* Listed entries *
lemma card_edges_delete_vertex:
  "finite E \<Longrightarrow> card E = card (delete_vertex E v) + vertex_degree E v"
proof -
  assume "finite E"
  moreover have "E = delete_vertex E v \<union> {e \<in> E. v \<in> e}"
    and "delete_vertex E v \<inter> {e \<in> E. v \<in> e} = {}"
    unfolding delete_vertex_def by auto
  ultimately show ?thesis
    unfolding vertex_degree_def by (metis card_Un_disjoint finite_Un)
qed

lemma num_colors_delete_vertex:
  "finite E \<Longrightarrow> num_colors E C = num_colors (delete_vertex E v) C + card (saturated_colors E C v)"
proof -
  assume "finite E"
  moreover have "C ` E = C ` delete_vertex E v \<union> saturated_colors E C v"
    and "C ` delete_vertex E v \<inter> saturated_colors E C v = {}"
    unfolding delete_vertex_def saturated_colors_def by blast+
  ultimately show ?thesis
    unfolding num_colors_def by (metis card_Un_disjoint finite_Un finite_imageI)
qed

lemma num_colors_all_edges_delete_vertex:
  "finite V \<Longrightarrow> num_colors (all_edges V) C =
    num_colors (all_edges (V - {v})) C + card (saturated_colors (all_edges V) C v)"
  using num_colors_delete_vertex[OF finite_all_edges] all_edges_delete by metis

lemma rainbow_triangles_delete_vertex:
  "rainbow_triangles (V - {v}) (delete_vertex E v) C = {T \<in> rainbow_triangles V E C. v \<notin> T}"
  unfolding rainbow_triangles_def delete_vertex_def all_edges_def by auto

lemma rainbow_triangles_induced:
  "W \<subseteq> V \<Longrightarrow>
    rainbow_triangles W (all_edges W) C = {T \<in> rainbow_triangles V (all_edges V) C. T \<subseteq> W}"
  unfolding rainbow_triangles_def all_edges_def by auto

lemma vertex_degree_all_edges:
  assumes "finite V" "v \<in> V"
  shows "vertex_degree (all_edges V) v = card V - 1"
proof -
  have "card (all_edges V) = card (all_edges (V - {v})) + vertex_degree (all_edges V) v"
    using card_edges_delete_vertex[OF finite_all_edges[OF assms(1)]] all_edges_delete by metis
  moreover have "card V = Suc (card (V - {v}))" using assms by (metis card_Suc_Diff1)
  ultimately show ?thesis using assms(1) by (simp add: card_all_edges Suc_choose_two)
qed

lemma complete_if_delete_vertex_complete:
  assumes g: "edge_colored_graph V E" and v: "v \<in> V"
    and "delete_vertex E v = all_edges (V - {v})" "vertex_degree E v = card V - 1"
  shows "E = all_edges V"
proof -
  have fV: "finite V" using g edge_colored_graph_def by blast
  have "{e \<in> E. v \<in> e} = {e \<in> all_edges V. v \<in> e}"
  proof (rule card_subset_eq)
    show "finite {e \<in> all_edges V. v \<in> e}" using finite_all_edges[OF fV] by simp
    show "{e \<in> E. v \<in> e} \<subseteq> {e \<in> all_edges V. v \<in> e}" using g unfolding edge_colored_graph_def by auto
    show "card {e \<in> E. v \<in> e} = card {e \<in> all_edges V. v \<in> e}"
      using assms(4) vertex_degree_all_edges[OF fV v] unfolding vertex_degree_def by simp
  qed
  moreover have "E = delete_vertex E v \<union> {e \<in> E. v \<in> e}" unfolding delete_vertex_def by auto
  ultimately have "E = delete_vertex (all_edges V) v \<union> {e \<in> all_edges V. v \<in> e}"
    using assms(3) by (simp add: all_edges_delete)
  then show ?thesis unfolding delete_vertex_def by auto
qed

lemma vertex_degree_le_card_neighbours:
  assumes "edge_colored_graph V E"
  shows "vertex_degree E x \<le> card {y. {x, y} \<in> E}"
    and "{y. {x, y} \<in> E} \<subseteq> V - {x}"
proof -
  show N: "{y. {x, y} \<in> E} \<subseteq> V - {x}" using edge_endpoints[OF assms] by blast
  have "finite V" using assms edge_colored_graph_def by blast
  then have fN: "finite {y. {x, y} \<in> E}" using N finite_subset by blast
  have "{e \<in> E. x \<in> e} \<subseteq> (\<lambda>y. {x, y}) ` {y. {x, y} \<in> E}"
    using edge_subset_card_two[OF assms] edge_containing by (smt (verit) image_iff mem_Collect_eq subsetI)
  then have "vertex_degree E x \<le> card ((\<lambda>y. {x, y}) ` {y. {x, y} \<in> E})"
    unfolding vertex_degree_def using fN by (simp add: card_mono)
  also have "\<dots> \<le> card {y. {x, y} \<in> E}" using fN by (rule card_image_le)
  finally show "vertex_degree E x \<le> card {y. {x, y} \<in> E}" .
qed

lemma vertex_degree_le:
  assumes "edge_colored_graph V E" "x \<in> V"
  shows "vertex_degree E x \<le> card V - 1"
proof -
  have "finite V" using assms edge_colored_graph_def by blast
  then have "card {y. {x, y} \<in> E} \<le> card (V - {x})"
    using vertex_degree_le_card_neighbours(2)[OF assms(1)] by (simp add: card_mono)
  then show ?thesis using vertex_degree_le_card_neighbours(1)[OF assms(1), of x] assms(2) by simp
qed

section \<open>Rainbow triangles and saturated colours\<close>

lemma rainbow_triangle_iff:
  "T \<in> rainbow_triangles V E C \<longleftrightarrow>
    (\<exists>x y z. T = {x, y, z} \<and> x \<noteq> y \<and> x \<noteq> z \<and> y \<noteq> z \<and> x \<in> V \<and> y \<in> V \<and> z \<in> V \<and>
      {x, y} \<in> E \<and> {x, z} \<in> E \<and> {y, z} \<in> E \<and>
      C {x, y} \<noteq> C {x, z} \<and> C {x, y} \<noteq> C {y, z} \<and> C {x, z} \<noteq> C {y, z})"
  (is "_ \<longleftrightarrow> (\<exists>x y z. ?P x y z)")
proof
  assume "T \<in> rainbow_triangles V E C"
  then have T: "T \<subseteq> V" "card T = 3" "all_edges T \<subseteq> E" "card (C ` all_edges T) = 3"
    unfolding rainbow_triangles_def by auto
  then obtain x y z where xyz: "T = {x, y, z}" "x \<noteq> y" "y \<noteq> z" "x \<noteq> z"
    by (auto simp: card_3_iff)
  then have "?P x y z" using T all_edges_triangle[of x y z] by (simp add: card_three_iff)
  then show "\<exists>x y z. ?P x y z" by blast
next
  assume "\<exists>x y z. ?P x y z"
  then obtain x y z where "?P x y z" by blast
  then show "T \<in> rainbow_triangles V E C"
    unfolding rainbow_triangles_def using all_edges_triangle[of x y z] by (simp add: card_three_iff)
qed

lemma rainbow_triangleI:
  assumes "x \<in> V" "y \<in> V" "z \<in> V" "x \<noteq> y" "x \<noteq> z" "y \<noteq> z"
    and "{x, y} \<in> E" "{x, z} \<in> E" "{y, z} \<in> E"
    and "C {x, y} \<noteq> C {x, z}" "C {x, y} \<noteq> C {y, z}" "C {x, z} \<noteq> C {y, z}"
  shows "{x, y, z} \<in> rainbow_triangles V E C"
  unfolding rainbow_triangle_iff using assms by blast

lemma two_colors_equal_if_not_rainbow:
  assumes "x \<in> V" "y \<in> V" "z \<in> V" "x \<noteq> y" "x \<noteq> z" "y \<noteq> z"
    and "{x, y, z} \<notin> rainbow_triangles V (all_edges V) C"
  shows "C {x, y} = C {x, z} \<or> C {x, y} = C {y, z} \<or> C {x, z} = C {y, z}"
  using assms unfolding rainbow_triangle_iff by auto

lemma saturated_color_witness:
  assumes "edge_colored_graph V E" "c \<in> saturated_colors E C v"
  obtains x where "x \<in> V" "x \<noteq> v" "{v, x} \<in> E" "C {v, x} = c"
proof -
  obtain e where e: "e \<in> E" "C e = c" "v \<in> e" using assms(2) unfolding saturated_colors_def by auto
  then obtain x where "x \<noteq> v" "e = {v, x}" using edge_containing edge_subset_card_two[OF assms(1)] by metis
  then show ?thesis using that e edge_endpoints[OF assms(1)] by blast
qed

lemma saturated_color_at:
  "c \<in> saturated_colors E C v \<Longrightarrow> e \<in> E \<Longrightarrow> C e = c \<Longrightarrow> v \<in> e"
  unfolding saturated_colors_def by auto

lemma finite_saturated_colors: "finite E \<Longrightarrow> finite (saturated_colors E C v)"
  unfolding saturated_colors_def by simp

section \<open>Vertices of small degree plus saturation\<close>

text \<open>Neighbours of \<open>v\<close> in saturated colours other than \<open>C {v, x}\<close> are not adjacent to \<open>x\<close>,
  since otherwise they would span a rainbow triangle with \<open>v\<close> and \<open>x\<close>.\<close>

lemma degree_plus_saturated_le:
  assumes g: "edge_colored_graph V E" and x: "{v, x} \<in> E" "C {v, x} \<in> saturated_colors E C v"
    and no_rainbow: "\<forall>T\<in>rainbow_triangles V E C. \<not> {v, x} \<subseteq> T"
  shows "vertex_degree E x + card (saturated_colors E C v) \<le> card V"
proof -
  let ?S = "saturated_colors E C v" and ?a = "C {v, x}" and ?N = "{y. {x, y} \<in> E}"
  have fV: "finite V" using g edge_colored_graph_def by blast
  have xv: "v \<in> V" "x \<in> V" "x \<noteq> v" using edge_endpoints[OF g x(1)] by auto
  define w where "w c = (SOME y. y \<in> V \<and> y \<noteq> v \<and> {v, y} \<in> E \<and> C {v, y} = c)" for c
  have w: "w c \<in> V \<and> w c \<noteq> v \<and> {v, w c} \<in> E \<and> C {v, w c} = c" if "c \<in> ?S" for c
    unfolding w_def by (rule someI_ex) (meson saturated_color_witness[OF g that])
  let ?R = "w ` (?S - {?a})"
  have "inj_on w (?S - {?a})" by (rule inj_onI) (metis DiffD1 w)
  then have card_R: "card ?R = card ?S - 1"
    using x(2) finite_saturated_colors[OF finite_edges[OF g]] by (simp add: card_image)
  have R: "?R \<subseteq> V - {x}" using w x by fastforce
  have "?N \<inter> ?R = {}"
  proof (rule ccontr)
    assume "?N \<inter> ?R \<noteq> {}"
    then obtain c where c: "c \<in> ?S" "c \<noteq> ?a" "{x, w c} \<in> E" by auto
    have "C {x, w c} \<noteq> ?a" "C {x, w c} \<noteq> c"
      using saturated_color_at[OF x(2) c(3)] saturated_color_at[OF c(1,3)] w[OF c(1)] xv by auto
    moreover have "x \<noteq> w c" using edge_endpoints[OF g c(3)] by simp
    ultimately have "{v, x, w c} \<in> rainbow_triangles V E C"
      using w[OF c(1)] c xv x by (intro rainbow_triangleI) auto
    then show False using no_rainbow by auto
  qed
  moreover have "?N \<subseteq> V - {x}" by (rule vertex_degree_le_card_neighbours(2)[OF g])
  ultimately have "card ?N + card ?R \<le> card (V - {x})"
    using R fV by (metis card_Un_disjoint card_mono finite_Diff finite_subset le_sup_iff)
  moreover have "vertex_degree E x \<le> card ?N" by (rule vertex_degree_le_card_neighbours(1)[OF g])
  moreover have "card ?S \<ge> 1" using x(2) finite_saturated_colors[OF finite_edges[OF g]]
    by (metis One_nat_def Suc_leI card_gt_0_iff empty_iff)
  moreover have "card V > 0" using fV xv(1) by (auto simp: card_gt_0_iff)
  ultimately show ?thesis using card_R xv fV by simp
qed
...
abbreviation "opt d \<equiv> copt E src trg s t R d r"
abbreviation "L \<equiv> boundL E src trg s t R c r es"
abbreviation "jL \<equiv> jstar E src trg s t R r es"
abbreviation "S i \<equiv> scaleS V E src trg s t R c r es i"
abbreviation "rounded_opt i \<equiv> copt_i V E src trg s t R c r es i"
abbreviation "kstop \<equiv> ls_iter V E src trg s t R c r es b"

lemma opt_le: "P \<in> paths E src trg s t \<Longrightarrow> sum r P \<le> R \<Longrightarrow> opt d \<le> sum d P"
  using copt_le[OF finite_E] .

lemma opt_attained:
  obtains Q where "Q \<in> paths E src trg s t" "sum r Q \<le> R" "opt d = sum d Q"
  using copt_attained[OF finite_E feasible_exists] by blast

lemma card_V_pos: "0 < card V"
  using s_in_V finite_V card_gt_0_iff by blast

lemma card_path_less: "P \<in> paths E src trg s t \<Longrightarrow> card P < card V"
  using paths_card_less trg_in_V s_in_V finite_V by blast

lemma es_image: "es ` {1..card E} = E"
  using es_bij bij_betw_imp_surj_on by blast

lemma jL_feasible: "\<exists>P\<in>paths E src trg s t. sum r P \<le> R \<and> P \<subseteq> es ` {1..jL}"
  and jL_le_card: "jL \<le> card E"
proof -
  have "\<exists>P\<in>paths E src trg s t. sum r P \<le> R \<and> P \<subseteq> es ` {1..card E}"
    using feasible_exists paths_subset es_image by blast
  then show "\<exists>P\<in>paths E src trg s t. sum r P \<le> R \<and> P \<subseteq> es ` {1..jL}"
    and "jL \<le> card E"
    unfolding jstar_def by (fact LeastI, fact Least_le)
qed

* Exercise instructions *
Look at the records above. Copy every line where the string "abbreviation" occurs.

* Result of this task *
abbreviation "opt d \<equiv> copt E src trg s t R d r"
abbreviation "L \<equiv> boundL E src trg s t R c r es"
abbreviation "jL \<equiv> jstar E src trg s t R r es"
abbreviation "S i \<equiv> scaleS V E src trg s t R c r es i"
abbreviation "rounded_opt i \<equiv> copt_i V E src trg s t R c r es i"
abbreviation "kstop \<equiv> ls_iter V E src trg s t R c r es b"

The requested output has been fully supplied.